The terms “brotherless, disrespectful, and indecent” aptly describe Russia’s attack on the Ecumenical Patriarchate, according to Elder Metropolitan Apostolos of Derkoi. Commenting on the accusations directed against Ecumenical Patriarch Bartholomew, the Metropolitan observed that this is far from an isolated incident. “This is not the first time,” he noted, “that Moscow, together with its deep state and using the SVR as an instrument, has launched an attack against Ecumenical Patriarch Bartholomew in a brotherless, disrespectful, and indecent manner.”
He said that, on this occasion, the Russian Foreign Intelligence Service (SVR), prompted by the official state apparatus and the Church aligned with it, deployed a “remote-controlled bombshell.” “Not,” he clarified, “like the one used to strike an apartment building and a playground in Kharkiv, Ukraine, killing six people and injuring at least fifty-five, among them a fourteen-year-old girl. Not like that bomb with which they hit a maternity hospital in Mariupol, Ukraine, and, among other things, fatally injured an unfortunate pregnant woman and with her and her child she was carrying, “he added: “This time the SVR drone from the deep state of Russia unleashed a bomb of other technology, ancient and tested.” “The core of this attack,” he said, “is a political–religious mixture of absurd and arrogant claims, threats of every kind, and fratricidal slander.”

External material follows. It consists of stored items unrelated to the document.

(* Both mixed partials at p are limits of the same symmetric second difference quotient. *)
lemma Ck2_mixed_pderivs_close:
  fixes g :: "'a::euclidean_space \<Rightarrow> real"
  assumes g: "Ck 2 g" and i: "i \<in> Basis" and j: "j \<in> Basis" and "e > 0"
  shows "\<bar>iter_pderiv [i, j] g p - iter_pderiv [j, i] g p\<bar> \<le> 2 * e"
proof -
  define Q1 where "Q1 = iter_pderiv [j, i] g"
  define Q2 where "Q2 = iter_pderiv [i, j] g"
  have "continuous_on UNIV Q1"
    unfolding Q1_def using i j by (intro Ck_continuous_on_iter_pderiv[OF g]) auto
  moreover have "continuous_on UNIV Q2"
    unfolding Q2_def using i j by (intro Ck_continuous_on_iter_pderiv[OF g]) auto
  ultimately have "isCont Q1 p" "isCont Q2 p" by (simp_all add: continuous_on_eq_continuous_at)
  then have "\<forall>\<^sub>F x in nhds p. dist (Q1 x) (Q1 p) < e \<and> dist (Q2 x) (Q2 p) < e"
    using \<open>e > 0\<close>
    by (intro eventually_conj) (simp_all add: isCont_def tendsto_at_iff_tendsto_nhds tendstoD)
  then obtain d where "d > 0"
    and d: "\<And>x. dist x p < d \<Longrightarrow> dist (Q1 x) (Q1 p) < e \<and> dist (Q2 x) (Q2 p) < e"
    unfolding eventually_nhds_metric by blast
  define s where "s = d / 4"
  have "s > 0" using \<open>d > 0\<close> by (simp add: s_def)
  have near: "dist (p + a *\<^sub>R u + b *\<^sub>R w) p < d"
    if "\<bar>a\<bar> \<le> \<bar>s\<bar>" "\<bar>b\<bar> \<le> \<bar>s\<bar>" "u \<in> Basis" "w \<in> Basis" for a b u w
    using dist_add_scaleR_Basis_le[OF that(3,4), of p a b] that(1,2) \<open>d > 0\<close>
    unfolding s_def by linarith
  obtain \<alpha>1 \<beta>1 where \<alpha>\<beta>1: "\<bar>\<alpha>1\<bar> \<le> \<bar>s\<bar>" "\<bar>\<beta>1\<bar> \<le> \<bar>s\<bar>"
    "g (p + s *\<^sub>R i + s *\<^sub>R j) - g (p + s *\<^sub>R i) - g (p + s *\<^sub>R j) + g p
       = s * s * Q1 (p + \<alpha>1 *\<^sub>R i + \<beta>1 *\<^sub>R j)"
    unfolding Q1_def by (rule mixed_second_difference[OF g i j])
  obtain \<alpha>2 \<beta>2 where \<alpha>\<beta>2: "\<bar>\<alpha>2\<bar> \<le> \<bar>s\<bar>" "\<bar>\<beta>2\<bar> \<le> \<bar>s\<bar>"
    "g (p + s *\<^sub>R j + s *\<^sub>R i) - g (p + s *\<^sub>R j) - g (p + s *\<^sub>R i) + g p
       = s * s * Q2 (p + \<alpha>2 *\<^sub>R j + \<beta>2 *\<^sub>R i)"
    unfolding Q2_def by (rule mixed_second_difference[OF g j i])
  have "g (p + s *\<^sub>R j + s *\<^sub>R i) = g (p + s *\<^sub>R i + s *\<^sub>R j)" by (simp add: add_ac)
  with \<alpha>\<beta>1(3) \<alpha>\<beta>2(3)
  have "s * s * Q1 (p + \<alpha>1 *\<^sub>R i + \<beta>1 *\<^sub>R j) = s * s * Q2 (p + \<alpha>2 *\<^sub>R j + \<beta>2 *\<^sub>R i)"
    by linarith
  then have "Q1 (p + \<alpha>1 *\<^sub>R i + \<beta>1 *\<^sub>R j) = Q2 (p + \<alpha>2 *\<^sub>R j + \<beta>2 *\<^sub>R i)"
    using \<open>s > 0\<close> by simp
  moreover have "\<bar>Q1 (p + \<alpha>1 *\<^sub>R i + \<beta>1 *\<^sub>R j) - Q1 p\<bar> < e"
    using d[OF near[OF \<alpha>\<beta>1(1,2) i j]] by (simp add: dist_real_def)
  moreover have "\<bar>Q2 (p + \<alpha>2 *\<^sub>R j + \<beta>2 *\<^sub>R i) - Q2 p\<bar> < e"
    using d[OF near[OF \<alpha>\<beta>2(1,2) j i]] by (simp add: dist_real_def)
  ultimately show ?thesis unfolding Q1_def Q2_def by linarith
qed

“This narrative is not new,” Metropolitan Apostolos of Derkoi continued. “It is directly linked to the ideology of the so-called ‘Third Rome,’ an idea fabricated by Russian political power and imposed upon its instrument, the Church of Moscow.”

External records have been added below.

(* Let $n\ge 1$, let $f$ be the standard Gaussian density on $\mathbb{R}^n$, and let $\phi:\mathbb{R}^n\to\mathbb{R}_+$ be a non-negative measurable function with $E=\int \phi(\mathbf{x})f(\mathbf{x})\,\mathrm{d}\mathbf{x}\in(0,\infty)$. Let $g^*=\phi f/E$, and let $\mathbf{m}^*=\mathbb{E}_{g^*}(\mathbf{X})$ and $\Sigma^*=\mathrm{Var}_{g^*}(\mathbf{X})$ be the mean and covariance matrix of $g^*$ (assumed to exist, with $\Sigma^*$ symmetric positive definite). Let $(\lambda^*_i,\mathbf{d}^*_i)$, $i=1,\dots,n$, be eigenpairs of $\Sigma^*$ (i.e. $\Sigma^*\mathbf{d}^*_i=\lambda^*_i\mathbf{d}^*_i$, with $\mathbf{d}^*_1,\dots,\mathbf{d}^*_n$ an orthonormal basis of $\mathbb{R}^n$) ranked in increasing $\ell$-order, i.e. $\ell(\lambda^*_1)\le \cdots\le \ell(\lambda^*_n)$, where $\ell(x)=\log(x)-x+1$ for $x>0$. Then for every $1\le k\le n$, the solution $\Sigma^*_k$ of the minimization problem $$\Sigma^*_k=\arg\min\{D(g^*,g_{\mathbf{m}^*,\Sigma}) : \Sigma\in\mathcal{L}_{n,k}\}$$ is given by $$\Sigma^*_k=I_n+\sum_{i=1}^k(\lambda^*_i-1)\,\mathbf{d}^*_i(\mathbf{d}^*_i)^\top .$$
   Context: For $\mathbf{m}\in\mathbb{R}^n$ and $\Sigma$ a symmetric positive definite $n\times n$ matrix, $g_{\mathbf{m},\Sigma}$ denotes the Gaussian density on $\mathbb{R}^n$ with mean $\mathbf{m}$ and covariance $\Sigma$. For densities $p,h$ with $p$ absolutely continuous with respect to $h$, the Kullback--Leibler divergence is $D(p,h)=\int \log\big(p(\mathbf{x})/h(\mathbf{x})\big)p(\mathbf{x})\,\mathrm{d}\mathbf{x}$. The set $\mathcal{L}_{n,k}$ is $$\mathcal{L}_{n,k}=\Big\{\sum_{i=1}^k(\alpha_i-1)\frac{\mathbf{d}_i\mathbf{d}_i^\top}{\|\mathbf{d}_i\|^2}+I_n : \alpha_1,\dots,\alpha_k>0,\ \mathbf{d}_1,\dots,\mathbf{d}_k\in\mathbb{R}^n\setminus\{0\}\text{ pairwise orthogonal}\Big\},$$ where $I_n$ is the $n\times n$ identity matrix. *)

theory Defs
  imports "HOL-Analysis.Analysis"
begin

definition outer :: "real^'n \<Rightarrow> real^'n \<Rightarrow> real^'n^'n" where
  "outer u v = (\<chi> i j. u $ i * v $ j)"

definition sym_pos_def :: "real^'n^'n \<Rightarrow> bool" where
  "sym_pos_def S \<longleftrightarrow> transpose S = S \<and> (\<forall>x. x \<noteq> 0 \<longrightarrow> x \<bullet> (S *v x) > 0)"

definition gauss_dens :: "real^'n \<Rightarrow> real^'n^'n \<Rightarrow> real^'n \<Rightarrow> real" where
  "gauss_dens m S x =
     exp (- (1/2) * ((x - m) \<bullet> (matrix_inv S *v (x - m))))
     / sqrt ((2 * pi) ^ CARD('n) * det S)"

text \<open>Kullback--Leibler divergence D(p,h) = int log(p/h) p, with values in [0,\<infinity>]
  (the negative part of the integrand is always integrable for densities, so the
  integral is +\<infinity> exactly when the integrand is not integrable).\<close>
definition KL :: "(real^'n \<Rightarrow> real) \<Rightarrow> (real^'n \<Rightarrow> real) \<Rightarrow> ereal" where
  "KL p h = (if integrable lborel (\<lambda>x. p x * ln (p x / h x))
             then ereal (\<integral>x. p x * ln (p x / h x) \<partial>lborel) else \<infinity>)"

definition Lnk :: "nat \<Rightarrow> (real^'n^'n) set" where
  "Lnk k = {mat 1 + (\<Sum>i\<in>{1..k}. ((\<alpha> i - 1) / (norm (d i))\<^sup>2) *\<^sub>R outer (d i) (d i)) | \<alpha> d.
             (\<forall>i\<in>{1..k}. \<alpha> i > 0 \<and> d i \<noteq> 0) \<and>
             (\<forall>i\<in>{1..k}. \<forall>j\<in>{1..k}. i \<noteq> j \<longrightarrow> d i \<bullet> d j = 0)}"

definition ell :: "real \<Rightarrow> real" where
  "ell x = ln x - x + 1"

end

theory Submission
  imports Defs
begin

(* Write T in L_{n,k} as I + sum_i (alpha_i - 1) u_i u_i^T with u_1, ..., u_k orthonormal.
   Then det T = prod_i alpha_i and T^-1 = I + sum_i (1/alpha_i - 1) u_i u_i^T, so up to terms
   not depending on T, 2 D(g*, g_{m*,T}) is  sum_i [ln alpha_i + (1/alpha_i - 1) q_i]  with
   q_i = u_i^T Sigma* u_i.  The summand is the tangent line of the concave function ell at
   alpha_i evaluated at q_i, hence at least ell(q_i), with equality for alpha_i = q_i.
   In the eigenbasis, q_i is the convex combination of the lambda_j with weights
   c_ij = (u_i . d_j)^2, so by concavity sum_i ell(q_i) >= sum_j w_j ell(lambda_j) with
   w_j = sum_i c_ij.  Bessel's inequality gives 0 <= w_j <= 1, and sum_j w_j = k; such a
   weighted sum is at least the sum of the k smallest values ell(lambda_1), ..., ell(lambda_k).
   All bounds are attained by alpha_i = lambda_i, u_i = d_i. *)

definition orthonormal_on :: "'i set \<Rightarrow> ('i \<Rightarrow> 'a::real_inner) \<Rightarrow> bool" where
  "orthonormal_on I u \<longleftrightarrow> (\<forall>i\<in>I. \<forall>j\<in>I. u i \<bullet> u j = (if i = j then 1 else 0))"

“These events demonstrate,” he said, “that the serpent’s egg was hatched centuries ago, and that its venom continues to poison Orthodoxy to this very day.” Metropolitan Apostolos pointed to the year 1448, when ruler Basil ordered the unilateral secession of the nascent Church of Moscow from its Mother Church, the Ecumenical Patriarchate. “An uncanonical synod of Russian bishops was then convened,” he explained, “which elected Archbishop Jonah.”
“This was the first time,” he added, “that a Russian hierarch assumed the title ‘Metropolitan of Moscow and All Russia.’” He further noted that, in 1452, as the Ottomans stood at the gates of the imperial capital, the Ecumenical Patriarchate was compelled, under extreme pressure, to recognize the election of Jonah, effectively blessing the Russian ecclesiastical rebellion. “This recognition, however,” he stressed, “did not include granting the Moscow Synod the canonical right to elect its own metropolitan.” “Yet only seven years later,” Metropolitan Apostolos concluded, “the ruler ordered that bishops were no longer to be elected by the Ecumenical Patriarchate, but exclusively by the local Synod of Moscow. The first rift occurred.”
He added: “A century later, in 1580, Tsar Ivan IV, known as the Terrible, exerted pressure on Patriarch Joachim V of Antioch to elevate the Archdiocese of Moscow to the rank of a Patriarchate. The Patriarch refused, stating that such a decision belonged exclusively to the Synod of Constantinople. Did the Tsar abandon his obsessive demand that the Church of Moscow be elevated by the Ecumenical Patriarchate? His successor, Tsar Theodore, renewed the pressure, this time upon Patriarch Jeremiah II of Constantinople, whom he effectively kept under detention until his demand was met. Under these coercive circumstances, Jeremiah was forced to convene a large Synod in 1590. The Patriarchal and Synodal Golden Bull elevating Moscow to a Patriarchate was then officially signed, always and unmistakably under the authority and auspices of the Mother Church, the Ecumenical Patriarchate. Yet even this concession did not satisfy Russian power, which went on to incorporate into its imperial ambitions the theory that it was the rightful heir of the Byzantine emperors.”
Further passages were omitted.